▶ YOUR ASSIGNMENT: Use the entries below and reproduce exactly the lines from the one containing "using X Y hull_inc" down to the one containing "half_plane_code_if_not_in_hull[OF X n(1,2,4)]", both of them included.

▶ EXERCISE DATA:

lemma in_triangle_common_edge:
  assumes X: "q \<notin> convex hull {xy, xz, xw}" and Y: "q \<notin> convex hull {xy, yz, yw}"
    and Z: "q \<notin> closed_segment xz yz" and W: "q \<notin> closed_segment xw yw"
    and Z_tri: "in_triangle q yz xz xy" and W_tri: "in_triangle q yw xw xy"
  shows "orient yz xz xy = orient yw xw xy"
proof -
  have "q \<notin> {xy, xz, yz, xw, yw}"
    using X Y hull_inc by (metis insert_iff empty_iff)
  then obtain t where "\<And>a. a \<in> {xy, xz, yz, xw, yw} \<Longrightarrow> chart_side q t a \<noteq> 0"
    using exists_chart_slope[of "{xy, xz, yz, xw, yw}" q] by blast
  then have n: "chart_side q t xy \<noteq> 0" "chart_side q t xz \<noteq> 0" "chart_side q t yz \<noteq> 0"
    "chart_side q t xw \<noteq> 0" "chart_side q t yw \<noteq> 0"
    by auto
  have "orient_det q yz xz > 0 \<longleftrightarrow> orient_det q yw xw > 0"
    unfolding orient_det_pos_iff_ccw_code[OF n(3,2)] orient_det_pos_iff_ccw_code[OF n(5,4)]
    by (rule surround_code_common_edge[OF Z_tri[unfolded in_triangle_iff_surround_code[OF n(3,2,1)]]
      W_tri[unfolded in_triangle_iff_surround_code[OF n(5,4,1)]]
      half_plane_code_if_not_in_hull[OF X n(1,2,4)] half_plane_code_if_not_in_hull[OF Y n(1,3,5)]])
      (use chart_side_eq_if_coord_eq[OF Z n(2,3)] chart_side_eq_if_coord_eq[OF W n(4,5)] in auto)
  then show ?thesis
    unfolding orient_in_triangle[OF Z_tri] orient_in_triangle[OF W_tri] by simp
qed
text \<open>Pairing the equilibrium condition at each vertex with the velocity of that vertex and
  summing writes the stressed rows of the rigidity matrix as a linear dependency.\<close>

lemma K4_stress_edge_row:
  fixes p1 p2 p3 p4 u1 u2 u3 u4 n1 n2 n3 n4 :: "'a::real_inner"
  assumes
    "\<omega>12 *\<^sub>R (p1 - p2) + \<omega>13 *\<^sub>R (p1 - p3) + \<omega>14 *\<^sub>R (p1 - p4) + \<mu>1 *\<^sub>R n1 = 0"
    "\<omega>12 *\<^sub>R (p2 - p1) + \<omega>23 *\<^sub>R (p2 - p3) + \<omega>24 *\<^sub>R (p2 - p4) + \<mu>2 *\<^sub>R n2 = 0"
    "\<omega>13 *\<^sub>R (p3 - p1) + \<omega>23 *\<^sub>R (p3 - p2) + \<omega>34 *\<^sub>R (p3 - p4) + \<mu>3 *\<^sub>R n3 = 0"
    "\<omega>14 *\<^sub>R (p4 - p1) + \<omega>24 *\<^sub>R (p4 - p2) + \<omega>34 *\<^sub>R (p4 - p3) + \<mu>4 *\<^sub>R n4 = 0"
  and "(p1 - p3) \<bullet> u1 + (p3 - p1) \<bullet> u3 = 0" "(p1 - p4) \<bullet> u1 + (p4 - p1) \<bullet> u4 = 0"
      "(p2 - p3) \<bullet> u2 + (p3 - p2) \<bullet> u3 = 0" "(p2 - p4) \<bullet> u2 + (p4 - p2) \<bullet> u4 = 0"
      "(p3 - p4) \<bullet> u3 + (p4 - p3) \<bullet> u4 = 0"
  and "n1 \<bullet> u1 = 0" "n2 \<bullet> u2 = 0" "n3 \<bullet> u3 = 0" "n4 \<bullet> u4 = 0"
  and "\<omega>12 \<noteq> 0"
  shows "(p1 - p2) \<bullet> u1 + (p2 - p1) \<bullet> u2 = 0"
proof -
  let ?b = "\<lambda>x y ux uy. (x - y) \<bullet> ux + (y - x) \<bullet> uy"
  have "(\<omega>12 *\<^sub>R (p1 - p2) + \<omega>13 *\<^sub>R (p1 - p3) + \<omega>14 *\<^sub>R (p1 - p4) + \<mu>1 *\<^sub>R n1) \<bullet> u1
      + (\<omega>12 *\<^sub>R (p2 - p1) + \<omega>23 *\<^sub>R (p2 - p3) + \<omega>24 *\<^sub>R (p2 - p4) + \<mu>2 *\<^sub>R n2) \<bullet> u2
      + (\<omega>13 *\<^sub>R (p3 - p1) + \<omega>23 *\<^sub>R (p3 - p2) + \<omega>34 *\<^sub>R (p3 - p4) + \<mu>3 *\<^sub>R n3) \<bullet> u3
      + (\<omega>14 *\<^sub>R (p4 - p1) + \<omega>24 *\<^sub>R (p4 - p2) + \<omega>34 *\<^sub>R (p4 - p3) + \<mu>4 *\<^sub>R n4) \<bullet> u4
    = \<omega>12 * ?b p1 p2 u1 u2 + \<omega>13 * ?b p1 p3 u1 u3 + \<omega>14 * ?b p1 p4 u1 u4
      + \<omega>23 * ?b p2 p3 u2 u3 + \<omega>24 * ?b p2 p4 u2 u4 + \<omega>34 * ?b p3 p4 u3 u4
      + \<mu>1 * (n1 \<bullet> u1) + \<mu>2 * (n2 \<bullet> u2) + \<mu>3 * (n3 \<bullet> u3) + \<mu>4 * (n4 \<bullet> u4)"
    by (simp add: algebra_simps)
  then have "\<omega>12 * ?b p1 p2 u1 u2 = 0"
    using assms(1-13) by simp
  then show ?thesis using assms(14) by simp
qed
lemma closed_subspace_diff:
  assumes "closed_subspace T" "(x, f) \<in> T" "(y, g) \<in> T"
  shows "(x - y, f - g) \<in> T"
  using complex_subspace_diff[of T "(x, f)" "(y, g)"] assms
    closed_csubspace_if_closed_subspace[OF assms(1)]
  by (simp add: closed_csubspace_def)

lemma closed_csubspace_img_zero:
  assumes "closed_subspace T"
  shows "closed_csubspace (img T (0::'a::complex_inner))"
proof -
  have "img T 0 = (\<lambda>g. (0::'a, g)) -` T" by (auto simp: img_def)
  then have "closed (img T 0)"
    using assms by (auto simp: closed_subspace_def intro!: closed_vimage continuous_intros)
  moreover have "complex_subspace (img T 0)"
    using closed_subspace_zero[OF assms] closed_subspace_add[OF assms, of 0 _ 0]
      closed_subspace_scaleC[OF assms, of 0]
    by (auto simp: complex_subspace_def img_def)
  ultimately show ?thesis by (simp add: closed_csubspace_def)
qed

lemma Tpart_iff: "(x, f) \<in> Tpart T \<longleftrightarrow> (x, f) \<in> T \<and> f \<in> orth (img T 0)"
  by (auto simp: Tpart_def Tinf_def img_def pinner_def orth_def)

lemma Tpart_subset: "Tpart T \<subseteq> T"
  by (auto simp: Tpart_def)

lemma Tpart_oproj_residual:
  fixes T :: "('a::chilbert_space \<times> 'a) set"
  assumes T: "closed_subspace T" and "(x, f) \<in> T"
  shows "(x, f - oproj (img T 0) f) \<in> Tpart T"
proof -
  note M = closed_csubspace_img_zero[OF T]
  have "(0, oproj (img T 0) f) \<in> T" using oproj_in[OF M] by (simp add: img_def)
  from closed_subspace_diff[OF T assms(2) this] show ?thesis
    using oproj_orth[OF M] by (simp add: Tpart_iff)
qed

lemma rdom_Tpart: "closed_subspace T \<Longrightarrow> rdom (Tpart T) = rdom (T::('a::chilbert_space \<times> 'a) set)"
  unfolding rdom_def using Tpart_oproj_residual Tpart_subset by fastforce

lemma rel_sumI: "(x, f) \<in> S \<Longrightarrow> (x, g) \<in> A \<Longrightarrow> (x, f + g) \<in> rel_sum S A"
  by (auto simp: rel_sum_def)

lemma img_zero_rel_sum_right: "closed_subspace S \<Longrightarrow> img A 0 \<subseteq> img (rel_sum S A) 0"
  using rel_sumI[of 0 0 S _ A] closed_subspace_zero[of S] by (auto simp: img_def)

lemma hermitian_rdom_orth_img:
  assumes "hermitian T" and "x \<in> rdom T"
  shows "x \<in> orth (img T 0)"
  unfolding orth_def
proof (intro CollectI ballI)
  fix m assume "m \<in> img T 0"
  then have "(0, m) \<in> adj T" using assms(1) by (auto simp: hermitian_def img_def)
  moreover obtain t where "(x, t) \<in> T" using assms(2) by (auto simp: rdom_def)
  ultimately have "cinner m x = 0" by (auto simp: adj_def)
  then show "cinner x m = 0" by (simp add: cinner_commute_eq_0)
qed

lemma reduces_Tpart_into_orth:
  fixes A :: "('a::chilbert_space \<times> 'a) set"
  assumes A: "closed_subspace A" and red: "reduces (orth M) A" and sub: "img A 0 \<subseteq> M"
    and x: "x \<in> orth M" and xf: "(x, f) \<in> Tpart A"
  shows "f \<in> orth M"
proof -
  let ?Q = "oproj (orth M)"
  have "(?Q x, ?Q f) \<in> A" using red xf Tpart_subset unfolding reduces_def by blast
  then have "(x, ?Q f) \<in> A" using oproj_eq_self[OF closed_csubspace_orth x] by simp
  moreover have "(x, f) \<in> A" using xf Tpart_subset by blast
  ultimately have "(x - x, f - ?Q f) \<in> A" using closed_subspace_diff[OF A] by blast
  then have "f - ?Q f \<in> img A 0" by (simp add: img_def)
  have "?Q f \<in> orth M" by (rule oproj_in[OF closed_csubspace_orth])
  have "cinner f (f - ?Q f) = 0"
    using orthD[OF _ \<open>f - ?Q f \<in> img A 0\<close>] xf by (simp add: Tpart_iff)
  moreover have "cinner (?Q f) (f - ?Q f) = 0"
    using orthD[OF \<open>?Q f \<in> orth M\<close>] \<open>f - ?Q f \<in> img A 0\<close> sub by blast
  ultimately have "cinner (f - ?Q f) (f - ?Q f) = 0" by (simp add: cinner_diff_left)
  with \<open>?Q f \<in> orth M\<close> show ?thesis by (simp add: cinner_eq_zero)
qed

▶ TASK SOLUTION:
    using X Y hull_inc by (metis insert_iff empty_iff)
  then obtain t where "\<And>a. a \<in> {xy, xz, yz, xw, yw} \<Longrightarrow> chart_side q t a \<noteq> 0"
    using exists_chart_slope[of "{xy, xz, yz, xw, yw}" q] by blast
  then have n: "chart_side q t xy \<noteq> 0" "chart_side q t xz \<noteq> 0" "chart_side q t yz \<noteq> 0"
    "chart_side q t xw \<noteq> 0" "chart_side q t yw \<noteq> 0"
    by auto
  have "orient_det q yz xz > 0 \<longleftrightarrow> orient_det q yw xw > 0"
    unfolding orient_det_pos_iff_ccw_code[OF n(3,2)] orient_det_pos_iff_ccw_code[OF n(5,4)]
    by (rule surround_code_common_edge[OF Z_tri[unfolded in_triangle_iff_surround_code[OF n(3,2,1)]]
      W_tri[unfolded in_triangle_iff_surround_code[OF n(5,4,1)]]
      half_plane_code_if_not_in_hull[OF X n(1,2,4)] half_plane_code_if_not_in_hull[OF Y n(1,3,5)]])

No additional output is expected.